Hi there, I’ve been trying to build a custom language model for my specific use case since I have a lot of text data to work with. I’m doing this on release 0.6.1.
What I’ve done so far:
- I’ve collected all of my transcriptions into a corpus.txt file, where the only characters are a-z, apostrophes, and whitespace (just like the example under ./data/lm/)
- I’ve collected the native_client.tar.gz binaries for my system (macos) from https://community-tc.services.mozilla.com/tasks/XNAo-uNoT8GU8E43P1PTzQ#artifacts and copied them under data/lm/
- I’ve built a shell script to generate the lm.binary and trie files using the flags I saw in the data/lm/ example:
…/…/DeepSpeech/data/lm/lmplz --order 5 --memory 50% --prune 0 0 1 --arpa words.arpa <corpus.txt
…/…/DeepSpeech/data/lm/build_binary -a 255 -q 8 trie words.arpa lm.binary
…/…/DeepSpeech/data/lm/generate_trie alphabet.txt lm.binary trie - I had to generate the alphabet.txt myself, and this may be the problem, but I guessed it should be a txt file containing a-z, an apostrophe, and a whitespace, all on separate lines.
The output I’m getting is stuff like "a a a a a ", “snl shb”, “chrhmbdmshuhyhmf”, while the expected outputs are full paragraphs. The audio files I’m passing in are about 40 seconds each. I’m able to get good outputs using the pre-built lm.binary and trie, so my test setup seems fine.
Does anyone have any ideas what could be going wrong? Is my alphabet.txt set up correctly? Thanks in advance.
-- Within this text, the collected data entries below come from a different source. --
lemma rank_eq_if_part_less_mono:
  assumes "length a = length b"
    and mono: "\<And>j k. j < length b \<Longrightarrow> k < length b \<Longrightarrow> part_less b j k \<Longrightarrow> part_less a j k"
    and "j < length b"
  shows "rank a j = rank b j"
proof -
  have "part_less a j k \<longleftrightarrow> part_less b j k" if "k < length b" for k
    using that assms(3) mono part_less_total part_less_asym part_less_irrefl by metis
  then show ?thesis
    unfolding rank_eq_card_part_less using assms(1) by (intro arg_cong[where f=card]) auto
qed

section \<open>Staircases\<close>

definition staircase :: "nat list \<Rightarrow> nat list \<Rightarrow> bool" where
  "staircase x b \<longleftrightarrow> length b = length x \<and>
     (\<forall>j k. covers x k j \<longrightarrow> b!k = b!j + (if k < j then 1 else 0))"

lemma staircase_part_less:
  assumes "staircase x b" "j < length x" "k < length x" "part_less x j k"
  shows "part_less b j k"
proof (rule part_less_by_covers[where x=x])
  show "part_less b j k" if "covers x k j" for j k
  proof -
    have "j \<noteq> k" using that unfolding covers_def by auto
    then show ?thesis using assms(1) that unfolding staircase_def part_less_def by auto
  qed
qed (use assms part_less_trans in blast)+

lemma rank_staircase: "staircase x b \<Longrightarrow> j < length x \<Longrightarrow> rank b j = rank x j"
  using rank_eq_if_part_less_mono[of b x] staircase_part_less[of x b]
  unfolding staircase_def by metis

lemma staircase_unique:
  assumes "staircase x b" "staircase x b'" "j < length x"
  defines "low \<equiv> unrank x (length x - 1)"
  shows "b!j + b'!low = b'!j + b!low"
  using assms(3)
proof (induction rule: covers_induct)
  case (step j k)
  then show ?case using assms(1,2) unfolding staircase_def by auto
qed (simp add: low_def)

definition nth_or_zero :: "nat list \<Rightarrow> nat \<Rightarrow> nat" where
  "nth_or_zero xs r = (if r < length xs then xs!r else 0)"

lemma nth_or_zero_antimono: "sorted_wrt (\<ge>) xs \<Longrightarrow> r \<le> s \<Longrightarrow> nth_or_zero xs s \<le> nth_or_zero xs r"
  unfolding nth_or_zero_def sorted_wrt_iff_nth_less by (cases "r = s") auto

lemma length_pad: "length (pad lam \<beta>) = max (length lam) (length \<beta>)"
  by (simp add: pad_def)

lemma nth_pad: "j < length (pad lam \<beta>) \<Longrightarrow> pad lam \<beta> ! j = (if j < length \<beta> then \<beta>!j else 0)"
  by (auto simp: pad_def nth_append)

lemma length_phi: "length (phi lam \<beta>) = length (pad lam \<beta>)"
  by (simp add: phi_def Let_def)

lemma nth_phi:
  "j < length (pad lam \<beta>) \<Longrightarrow> phi lam \<beta> ! j = pad lam \<beta> ! j + nth_or_zero lam (rank (pad lam \<beta>) j)"
  by (simp add: phi_def Let_def nth_or_zero_def)

lemma part_less_add_antitone:
  assumes "\<And>j. j < length b \<Longrightarrow> a!j = b!j + g (rank b j)" and "antimono g"
    and "j < length b" "k < length b" "part_less b j k"
  shows "part_less a j k"
proof -
  have "g (rank b j) \<le> g (rank b k)"
    using rank_less_rank[OF assms(4,3,5)] \<open>antimono g\<close> by (simp add: antimonoD)
  then show ?thesis
    using assms(1)[OF assms(3)] assms(1)[OF assms(4)] assms(5) unfolding part_less_def by auto
qed

lemma rank_phi:
  assumes "sorted_wrt (\<ge>) lam" "j < length (pad lam \<beta>)"
  shows "rank (phi lam \<beta>) j = rank (pad lam \<beta>) j"
proof (rule rank_eq_if_part_less_mono[OF length_phi _ assms(2)])
  have anti: "antimono (nth_or_zero lam)"
    using nth_or_zero_antimono[OF assms(1)] by (intro antimonoI)
  show "part_less (phi lam \<beta>) j k"
    if "j < length (pad lam \<beta>)" "k < length (pad lam \<beta>)" "part_less (pad lam \<beta>) j k" for j k
    using part_less_add_antitone[OF nth_phi anti that] by simp
qed

lemma sum_list_phi: "sum_list (phi lam \<beta>) = sum_list lam + sum_list \<beta>"
proof -
  let ?b = "pad lam \<beta>" let ?L = "length ?b"
  have "sum_list (phi lam \<beta>) = (\<Sum>j<?L. phi lam \<beta> ! j)"
    by (simp add: sum_list_sum_nth length_phi atLeast0LessThan)
  also have "\<dots> = (\<Sum>j<?L. ?b ! j) + (\<Sum>j<?L. nth_or_zero lam (rank ?b j))"
    by (simp add: nth_phi sum.distrib)
  also have "(\<Sum>j<?L. nth_or_zero lam (rank ?b j)) = (\<Sum>r<?L. nth_or_zero lam r)"
    using sum.reindex_bij_betw[OF bij_betw_rank[of ?b]] by blast
  also have "\<dots> = (\<Sum>r<length lam. nth_or_zero lam r)"
    by (rule sum.mono_neutral_right) (auto simp: length_pad nth_or_zero_def)
  also have "\<dots> = sum_list lam"
    by (simp add: nth_or_zero_def sum_list_sum_nth atLeast0LessThan)
  also have "(\<Sum>j<?L. ?b ! j) = sum_list ?b"
    by (simp add: sum_list_sum_nth atLeast0LessThan)
  also have "sum_list ?b = sum_list \<beta>"
    by (simp add: pad_def)
  finally show ?thesis by simp
qed

lemma is_composition_iff_nth: "is_composition x \<longleftrightarrow> (\<forall>j<length x. 0 < x!j)"
  by (auto simp: is_composition_def in_set_conv_nth)

lemma is_composition_phi:
  assumes "is_composition lam" "is_composition \<beta>"
  shows "is_composition (phi lam \<beta>)"
  unfolding is_composition_iff_nth
proof (intro allI impI)
  fix j assume "j < length (phi lam \<beta>)"
  then have j: "j < length (pad lam \<beta>)" by (simp add: length_phi)
  show "0 < phi lam \<beta> ! j"
  proof (cases "j < length \<beta>")
    case True
    then show ?thesis
      using nth_phi[OF j] nth_pad[OF j] assms(2) by (simp add: is_composition_iff_nth)
  next
    case False
    then have "rank (pad lam \<beta>) j < length lam"
      using j rank_less_length[OF j] length_pad[of lam \<beta>] by auto
    then show ?thesis
      using nth_phi[OF j] assms(1) by (simp add: nth_or_zero_def is_composition_iff_nth)
  qed
qed

section \<open>Padded inverting compositions are staircases\<close>

lemma invertingE:
  assumes "inverting \<beta>" "1 < i" "j < length \<beta>" "i \<le> \<beta>!j"
  obtains s t where "s < t" "t < length \<beta>" "\<beta>!s = i" "\<beta>!t = i - 1"
  using assms unfolding inverting_def by blast

lemma pad_covers_succ:
  assumes inv: "inverting \<beta>" and cov: "covers (pad lam \<beta>) k j"
    and less: "pad lam \<beta> ! j < pad lam \<beta> ! k"
  shows "pad lam \<beta> ! k = Suc (pad lam \<beta> ! j)"
proof (rule ccontr)
  let ?b = "pad lam \<beta>"
  have len: "length \<beta> \<le> length ?b" by (simp add: length_pad)
  have k: "k < length \<beta>" "?b!k = \<beta>!k"
    using less cov nth_pad[of k lam \<beta>] unfolding covers_def by (auto split: if_splits)
  assume "?b!k \<noteq> Suc (?b!j)"
  then have "1 < \<beta>!k" "\<beta>!k - 1 > ?b!j" using less k by auto
  then obtain s t where t: "t < length \<beta>" "\<beta>!t = \<beta>!k - 1"
    using invertingE[OF inv _ k(1) order_refl] by metis
  then have "part_less ?b j t" "part_less ?b t k"
    using \<open>\<beta>!k - 1 > ?b!j\<close> \<open>1 < \<beta>!k\<close> k len nth_pad[of t lam \<beta>]
    unfolding part_less_def by auto
  then show False
    using covers_nothing_between[OF cov, of t] t len by simp
qed

lemma pad_covers_descent:
  assumes comp: "is_composition \<beta>" and inv: "inverting \<beta>" and cov: "covers (pad lam \<beta>) k j"
    and less: "pad lam \<beta> ! j < pad lam \<beta> ! k"
  shows "k < j"
proof -
  let ?b = "pad lam \<beta>"
  have len: "length \<beta> \<le> length ?b" by (simp add: length_pad)
  have jk: "j < length ?b" "k < length ?b" using cov unfolding covers_def by auto
  have k: "k < length \<beta>" "?b!k = \<beta>!k"
    using less jk nth_pad[of k lam \<beta>] by (auto split: if_splits)
  have succ: "?b!k = Suc (?b!j)" by (rule pad_covers_succ[OF inv cov less])
  show ?thesis
  proof (cases "j < length \<beta>")
    case False
    then show ?thesis using k by simp
  next
    case True
    then have "0 < ?b!j"
      using comp jk nth_pad[of j lam \<beta>] by (simp add: is_composition_iff_nth)
    then obtain s t where st: "s < t" "t < length \<beta>" "\<beta>!s = \<beta>!k" "\<beta>!t = \<beta>!k - 1"
      using invertingE[OF inv _ k(1) order_refl] succ k by (metis One_nat_def Suc_less_eq)
    have bst: "?b!s = ?b!k" "?b!t = ?b!j"
      using st len nth_pad[of s lam \<beta>] nth_pad[of t lam \<beta>] k succ by auto
    have "k \<le> s"
    proof (rule ccontr)
      assume "\<not> k \<le> s"
      then have "part_less ?b j s" "part_less ?b s k"
        using bst less unfolding part_less_def by auto
      then show False using covers_nothing_between[OF cov, of s] st len by simp
    qed
    moreover have "t \<le> j"
    proof (rule ccontr)
      assume "\<not> t \<le> j"
      then have "part_less ?b j t" "part_less ?b t k"
        using bst less unfolding part_less_def by auto
      then show False using covers_nothing_between[OF cov, of t] st len by simp
    qed
    ultimately show ?thesis using st by simp
  qed
qed

lemma staircase_pad:
  assumes "is_composition \<beta>" "inverting \<beta>"
  shows "staircase (pad lam \<beta>) (pad lam \<beta>)"
  unfolding staircase_def
proof (intro conjI allI impI)
  fix j k assume cov: "covers (pad lam \<beta>) k j"
  then have "part_less (pad lam \<beta>) j k" by (rule covers_part_less)
  then consider "pad lam \<beta> ! j = pad lam \<beta> ! k" "j < k" | "pad lam \<beta> ! j < pad lam \<beta> ! k"
    unfolding part_less_def by blast
  then show "pad lam \<beta> ! k = pad lam \<beta> ! j + (if k < j then 1 else 0)"
  proof cases
    case 2
    then show ?thesis
      using pad_covers_succ[OF assms(2) cov] pad_covers_descent[OF assms cov] by simp
  qed simp
qed simp

lemma pad_lowest_le_one:
  assumes inv: "inverting \<beta>" and j: "j < length (pad lam \<beta>)"
    and lowest: "rank (pad lam \<beta>) j = length (pad lam \<beta>) - 1"
  shows "pad lam \<beta> ! j \<le> 1"
proof (rule ccontr)
  let ?b = "pad lam \<beta>"
  assume "\<not> ?b!j \<le> 1"
  then have jm: "j < length \<beta>" "?b!j = \<beta>!j" "1 < \<beta>!j"
    using nth_pad[OF j] by (auto split: if_splits)
  then obtain s t where t: "t < length \<beta>" "\<beta>!t = \<beta>!j - 1"
    using invertingE[OF inv jm(3) jm(1) order_refl] by metis
  then have "t < length ?b" "part_less ?b t j"
    using jm nth_pad[of t lam \<beta>] unfolding part_less_def by (auto simp: length_pad)
  then have "rank ?b j < rank ?b t" using rank_less_rank_iff[OF j] by blast
  then show False using lowest rank_less_length[OF \<open>t < length ?b\<close>] by simp
qed

section \<open>Factor depth and purity\<close>

definition blocks :: "(nat \<Rightarrow> nat) \<Rightarrow> nat \<Rightarrow> nat list" where
  "blocks c k = concat (map (\<lambda>j. replicate (c j) j) (rev [1..<Suc k]))"

lemma blocks_0[simp]: "blocks c 0 = []"
  by (simp add: blocks_def)

lemma blocks_Suc: "blocks c (Suc k) = replicate (c (Suc k)) (Suc k) @ blocks c k"
  by (simp add: blocks_def)

lemma blocks_Suc_shift: "blocks c (Suc k) = map Suc (blocks (\<lambda>j. c (Suc j)) k) @ replicate (c 1) 1"
  by (induction k) (simp_all add: blocks_Suc)

lemma blocks_cong: "(\<And>j. 1 \<le> j \<Longrightarrow> j \<le> k \<Longrightarrow> c j = c' j) \<Longrightarrow> blocks c k = blocks c' k"
  by (induction k) (simp_all add: blocks_Suc)

lemma length_blocks_ge: "(\<And>j. 1 \<le> j \<Longrightarrow> j \<le> k \<Longrightarrow> 1 \<le> c j) \<Longrightarrow> k \<le> length (blocks c k)"
proof (induction k)
  case (Suc k)
  then have "k \<le> length (blocks c k)" "1 \<le> c (Suc k)" by auto
  then show ?case by (simp add: blocks_Suc)
qed simp

lemma set_blocks: "set (blocks c k) \<subseteq> {1..k}"
  by (induction k) (auto simp: blocks_Suc)

lemma factors_with_iff_blocks:
  "factors_with x k \<longleftrightarrow>
     (\<exists>\<gamma> c. (\<forall>j\<in>{1..k}. 1 \<le> c j) \<and> (\<forall>v\<in>set \<gamma>. v \<notin> {1..k}) \<and> x = \<gamma> @ blocks c k)"
  by (simp add: factors_with_def blocks_def)

lemma factors_with_le_length: "factors_with x k \<Longrightarrow> k \<le> length x"
  unfolding factors_with_iff_blocks using length_blocks_ge
  by (metis atLeastAtMost_iff le_trans length_append le_add2)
edit: the whitespace line in my alphabet.txt didn’t actually have a space in it, so i added that, ran it again, and now my output is a different kind of gibberish, here’s a snippit: …“lad’ng’sle’epr’sar’her’sft’rtr’ken’ort’tre’mll’onur’sof’sle’p’tco’bie’stad’ynmtkhm’han’eou’rre’ire’oer’itlan’ors’lee’hab”…